■ **Requirement**
Copy each entry exactly, leaving nothing out.

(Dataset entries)
lemma abs_F2_le_decay_kernel:
  fixes \<Gamma> :: "int \<Rightarrow> real" and K x lo hi :: real
  assumes sym: "\<And>k. \<Gamma> (- k) = \<Gamma> k" and bnd: "toeplitz_form_bounded \<Gamma> n lo hi" and lo: "0 < lo"
    and x: "x \<in> {-1..1}"
  defines "\<epsilon> \<equiv> 1 / (real n + 1)"
  shows "\<bar>F2 \<Gamma> n K x\<bar> \<le> 8 * sqrt 2 * hi\<^sup>2 / (pi * (lo * sqrt lo)) *
    (decay_kernel (4 * hi) K (\<epsilon> + 1 - x) + decay_kernel (4 * hi) K (\<epsilon> + 1 + x))"
proof -
  define S where "S = (\<Sum>k\<le>n. (x\<^sup>2) ^ k)"
  have hi: "0 < hi"
    using toeplitz_form_bounded_le[OF bnd] lo by linarith
  have S: "1 \<le> S"
    unfolding S_def by (simp add: one_le_power_sum)
  have \<epsilon>: "0 < \<epsilon>"
    by (simp add: \<epsilon>_def)
  have x2: "0 \<le> x\<^sup>2" "x\<^sup>2 \<le> 1"
    using x by (auto simp: abs_square_le_1)
  have "\<bar>F2 \<Gamma> n K x\<bar> \<le> 4 * hi\<^sup>2 / (pi * (lo * sqrt lo)) * (\<bar>K\<bar> * (S * sqrt S) / (2 * hi * S + K\<^sup>2))"
    using S lo covariance_bounds[OF sym bnd lo, of x] unfolding S_def by (intro abs_F2_le) auto
  also have "\<dots> \<le> 4 * hi\<^sup>2 / (pi * (lo * sqrt lo)) * (2 * sqrt 2 * decay_kernel (4 * hi) K (\<epsilon> + 1 - x\<^sup>2))"
  proof (intro mult_left_mono)
    have "S * (\<epsilon> + 1 - x\<^sup>2) \<le> 2"
      using geometric_sum_mult_le[OF x2, of n] by (simp add: S_def \<epsilon>_def algebra_simps)
    then show "\<bar>K\<bar> * (S * sqrt S) / (2 * hi * S + K\<^sup>2) \<le> 2 * sqrt 2 * decay_kernel (4 * hi) K (\<epsilon> + 1 - x\<^sup>2)"
      using power_three_halves_ratio_le[of "2 * hi" S "\<epsilon> + 1 - x\<^sup>2" K] hi S \<epsilon> x2 by simp
  qed (use lo in simp)
  also have "\<dots> \<le> 4 * hi\<^sup>2 / (pi * (lo * sqrt lo)) * (2 * sqrt 2 *
      (decay_kernel (4 * hi) K (\<epsilon> + 1 - x) + decay_kernel (4 * hi) K (\<epsilon> + 1 + x)))"
    using decay_kernel_le_pair[of "4 * hi" \<epsilon> x K] hi \<epsilon> x lo by (intro mult_left_mono) auto
  finally show ?thesis
    by (simp add: mult_ac)
qed

lemma abs_integral_F2_le:
  fixes \<Gamma> :: "int \<Rightarrow> real" and lo hi :: real
  assumes sym: "\<And>k. \<Gamma> (- k) = \<Gamma> k" and bnd: "toeplitz_form_bounded \<Gamma> n lo hi" and lo: "0 < lo"
  shows "\<bar>integral {-1..1} (F2 \<Gamma> n K)\<bar> \<le> 8 * sqrt 2 * (hi * sqrt hi) / (lo * sqrt lo)"
proof -
  define \<epsilon> c D where "\<epsilon> = 1 / (real n + 1)" and "c = 4 * hi"
    and "D = 8 * sqrt 2 * hi\<^sup>2 / (pi * (lo * sqrt lo))"
  define g where "g x = D * (decay_kernel c K (\<epsilon> + 1 - x) + decay_kernel c K (\<epsilon> + 1 + x))" for x
  have c: "0 < c"
    using toeplitz_form_bounded_le[OF bnd] lo by (simp add: c_def)
  have D: "0 \<le> D"
    using lo by (simp add: D_def)
  obtain I where I: "((\<lambda>x. decay_kernel c K (\<epsilon> + 1 - x) + decay_kernel c K (\<epsilon> + 1 + x)) has_integral I) {-1..1}"
    and I_le: "I \<le> 2 * (pi / sqrt c)"
    using decay_kernel_pair_integral[OF c, of \<epsilon> K] by (auto simp: \<epsilon>_def)
  have g: "(g has_integral D * I) {-1..1}"
    unfolding g_def by (rule has_integral_mult_right[OF I])
  have "D * I \<le> D * (2 * (pi / sqrt c))"
    using I_le D by (rule mult_left_mono)
  also have "\<dots> = 8 * sqrt 2 * (hi * sqrt hi) / (lo * sqrt lo)"
  proof -
    define q where "q = sqrt hi"
    have q: "0 < q" "hi = q\<^sup>2"
      using c by (simp_all add: q_def c_def)
    show ?thesis
      unfolding D_def c_def q(2) using q(1) lo by (simp add: real_sqrt_mult field_simps power2_eq_square)
  qed
  finally have DI: "D * I \<le> 8 * sqrt 2 * (hi * sqrt hi) / (lo * sqrt lo)" .
  show ?thesis
  proof (cases "F2 \<Gamma> n K integrable_on {-1..1}")
    case True
    have "norm (integral {-1..1} (F2 \<Gamma> n K)) \<le> integral {-1..1} g"
      using abs_F2_le_decay_kernel[OF sym bnd lo] g
      by (intro integral_norm_bound_integral[OF True]) (auto simp: g_def D_def c_def \<epsilon>_def)
    then show ?thesis
      using integral_unique[OF g] DI by simp
  next
    case False
    then show ?thesis
      using lo c by (simp add: not_integrable_integral c_def)
  qed
qed
lemma lin_coords_near_origin:
  "\<exists>\<rho>>0. \<forall>y. norm y < \<rho> \<longrightarrow> 0 < lin_den c k y \<and> \<bar>k\<bar> * norm (lin_coords c k y) < 1"
proof -
  have s: "isCont (lin_s c k) 0"
    unfolding lin_s_def[abs_def] by (intro continuous_intros)
  then have den: "isCont (lin_den c k) 0"
    unfolding lin_den_def[abs_def] by (intro continuous_intros)
  have den0: "lin_den c k 0 = 1" by (simp add: lin_den_def lin_s_def)
  have "isCont (lin_coords c k) 0"
    unfolding lin_coords_def[abs_def] using s den den0 by (intro continuous_intros) auto
  moreover have "lin_coords c k 0 = 0" by (simp add: lin_coords_def lin_s_def zero_prod_def)
  ultimately have "((\<lambda>y. \<bar>k\<bar> * norm (lin_coords c k y)) \<longlongrightarrow> 0) (nhds 0)"
    by (auto intro!: tendsto_eq_intros simp: isCont_def tendsto_nhds_iff)
  then have "\<forall>\<^sub>F y in nhds 0. \<bar>k\<bar> * norm (lin_coords c k y) < 1"
    by (rule order_tendstoD(2)) simp
  moreover have "(lin_den c k \<longlongrightarrow> 1) (nhds 0)"
    using den den0 by (simp add: isCont_def tendsto_nhds_iff)
  then have "\<forall>\<^sub>F y in nhds 0. 0 < lin_den c k y"
    by (rule order_tendstoD(1)) simp
  ultimately have "\<forall>\<^sub>F y in nhds 0. 0 < lin_den c k y \<and> \<bar>k\<bar> * norm (lin_coords c k y) < 1"
    by (rule eventually_conj[rotated])
  then show ?thesis
    unfolding eventually_nhds_metric dist_norm by simp
qed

■ **Solution**
lemma abs_F2_le_decay_kernel:
  fixes \<Gamma> :: "int \<Rightarrow> real" and K x lo hi :: real
  assumes sym: "\<And>k. \<Gamma> (- k) = \<Gamma> k" and bnd: "toeplitz_form_bounded \<Gamma> n lo hi" and lo: "0 < lo"
    and x: "x \<in> {-1..1}"
  defines "\<epsilon> \<equiv> 1 / (real n + 1)"
  shows "\<bar>F2 \<Gamma> n K x\<bar> \<le> 8 * sqrt 2 * hi\<^sup>2 / (pi * (lo * sqrt lo)) *
    (decay_kernel (4 * hi) K (\<epsilon> + 1 - x) + decay_kernel (4 * hi) K (\<epsilon> + 1 + x))"
proof -
  define S where "S = (\<Sum>k\<le>n. (x\<^sup>2) ^ k)"
  have hi: "0 < hi"
    using toeplitz_form_bounded_le[OF bnd] lo by linarith
  have S: "1 \<le> S"
    unfolding S_def by (simp add: one_le_power_sum)
  have \<epsilon>: "0 < \<epsilon>"
    by (simp add: \<epsilon>_def)
  have x2: "0 \<le> x\<^sup>2" "x\<^sup>2 \<le> 1"
    using x by (auto simp: abs_square_le_1)
  have "\<bar>F2 \<Gamma> n K x\<bar> \<le> 4 * hi\<^sup>2 / (pi * (lo * sqrt lo)) * (\<bar>K\<bar> * (S * sqrt S) / (2 * hi * S + K\<^sup>2))"
    using S lo covariance_bounds[OF sym bnd lo, of x] unfolding S_def by (intro abs_F2_le) auto
  also have "\<dots> \<le> 4 * hi\<^sup>2 / (pi * (lo * sqrt lo)) * (2 * sqrt 2 * decay_kernel (4 * hi) K (\<epsilon> + 1 - x\<^sup>2))"
  proof (intro mult_left_mono)
    have "S * (\<epsilon> + 1 - x\<^sup>2) \<le> 2"
      using geometric_sum_mult_le[OF x2, of n] by (simp add: S_def \<epsilon>_def algebra_simps)
    then show "\<bar>K\<bar> * (S * sqrt S) / (2 * hi * S + K\<^sup>2) \<le> 2 * sqrt 2 * decay_kernel (4 * hi) K (\<epsilon> + 1 - x\<^sup>2)"
      using power_three_halves_ratio_le[of "2 * hi" S "\<epsilon> + 1 - x\<^sup>2" K] hi S \<epsilon> x2 by simp
  qed (use lo in simp)
  also have "\<dots> \<le> 4 * hi\<^sup>2 / (pi * (lo * sqrt lo)) * (2 * sqrt 2 *
      (decay_kernel (4 * hi) K (\<epsilon> + 1 - x) + decay_kernel (4 * hi) K (\<epsilon> + 1 + x)))"
    using decay_kernel_le_pair[of "4 * hi" \<epsilon> x K] hi \<epsilon> x lo by (intro mult_left_mono) auto
  finally show ?thesis
    by (simp add: mult_ac)
qed

lemma abs_integral_F2_le:
  fixes \<Gamma> :: "int \<Rightarrow> real" and lo hi :: real
  assumes sym: "\<And>k. \<Gamma> (- k) = \<Gamma> k" and bnd: "toeplitz_form_bounded \<Gamma> n lo hi" and lo: "0 < lo"
  shows "\<bar>integral {-1..1} (F2 \<Gamma> n K)\<bar> \<le> 8 * sqrt 2 * (hi * sqrt hi) / (lo * sqrt lo)"
proof -
  define \<epsilon> c D where "\<epsilon> = 1 / (real n + 1)" and "c = 4 * hi"
    and "D = 8 * sqrt 2 * hi\<^sup>2 / (pi * (lo * sqrt lo))"
  define g where "g x = D * (decay_kernel c K (\<epsilon> + 1 - x) + decay_kernel c K (\<epsilon> + 1 + x))" for x
  have c: "0 < c"
    using toeplitz_form_bounded_le[OF bnd] lo by (simp add: c_def)
  have D: "0 \<le> D"
    using lo by (simp add: D_def)
  obtain I where I: "((\<lambda>x. decay_kernel c K (\<epsilon> + 1 - x) + decay_kernel c K (\<epsilon> + 1 + x)) has_integral I) {-1..1}"
    and I_le: "I \<le> 2 * (pi / sqrt c)"
    using decay_kernel_pair_integral[OF c, of \<epsilon> K] by (auto simp: \<epsilon>_def)
  have g: "(g has_integral D * I) {-1..1}"
    unfolding g_def by (rule has_integral_mult_right[OF I])
  have "D * I \<le> D * (2 * (pi / sqrt c))"
    using I_le D by (rule mult_left_mono)
  also have "\<dots> = 8 * sqrt 2 * (hi * sqrt hi) / (lo * sqrt lo)"
  proof -
    define q where "q = sqrt hi"
    have q: "0 < q" "hi = q\<^sup>2"
      using c by (simp_all add: q_def c_def)
    show ?thesis
      unfolding D_def c_def q(2) using q(1) lo by (simp add: real_sqrt_mult field_simps power2_eq_square)
  qed
  finally have DI: "D * I \<le> 8 * sqrt 2 * (hi * sqrt hi) / (lo * sqrt lo)" .
  show ?thesis
  proof (cases "F2 \<Gamma> n K integrable_on {-1..1}")
    case True
    have "norm (integral {-1..1} (F2 \<Gamma> n K)) \<le> integral {-1..1} g"
      using abs_F2_le_decay_kernel[OF sym bnd lo] g
      by (intro integral_norm_bound_integral[OF True]) (auto simp: g_def D_def c_def \<epsilon>_def)
    then show ?thesis
      using integral_unique[OF g] DI by simp
  next
    case False
    then show ?thesis
      using lo c by (simp add: not_integrable_integral c_def)
  qed
qed
lemma lin_coords_near_origin:
  "\<exists>\<rho>>0. \<forall>y. norm y < \<rho> \<longrightarrow> 0 < lin_den c k y \<and> \<bar>k\<bar> * norm (lin_coords c k y) < 1"
proof -
  have s: "isCont (lin_s c k) 0"
    unfolding lin_s_def[abs_def] by (intro continuous_intros)
  then have den: "isCont (lin_den c k) 0"
    unfolding lin_den_def[abs_def] by (intro continuous_intros)
  have den0: "lin_den c k 0 = 1" by (simp add: lin_den_def lin_s_def)
  have "isCont (lin_coords c k) 0"
    unfolding lin_coords_def[abs_def] using s den den0 by (intro continuous_intros) auto
  moreover have "lin_coords c k 0 = 0" by (simp add: lin_coords_def lin_s_def zero_prod_def)
  ultimately have "((\<lambda>y. \<bar>k\<bar> * norm (lin_coords c k y)) \<longlongrightarrow> 0) (nhds 0)"
    by (auto intro!: tendsto_eq_intros simp: isCont_def tendsto_nhds_iff)
  then have "\<forall>\<^sub>F y in nhds 0. \<bar>k\<bar> * norm (lin_coords c k y) < 1"
    by (rule order_tendstoD(2)) simp
  moreover have "(lin_den c k \<longlongrightarrow> 1) (nhds 0)"
    using den den0 by (simp add: isCont_def tendsto_nhds_iff)
  then have "\<forall>\<^sub>F y in nhds 0. 0 < lin_den c k y"
    by (rule order_tendstoD(1)) simp
  ultimately have "\<forall>\<^sub>F y in nhds 0. 0 < lin_den c k y \<and> \<bar>k\<bar> * norm (lin_coords c k y) < 1"
    by (rule eventually_conj[rotated])
  then show ?thesis
    unfolding eventually_nhds_metric dist_norm by simp
qed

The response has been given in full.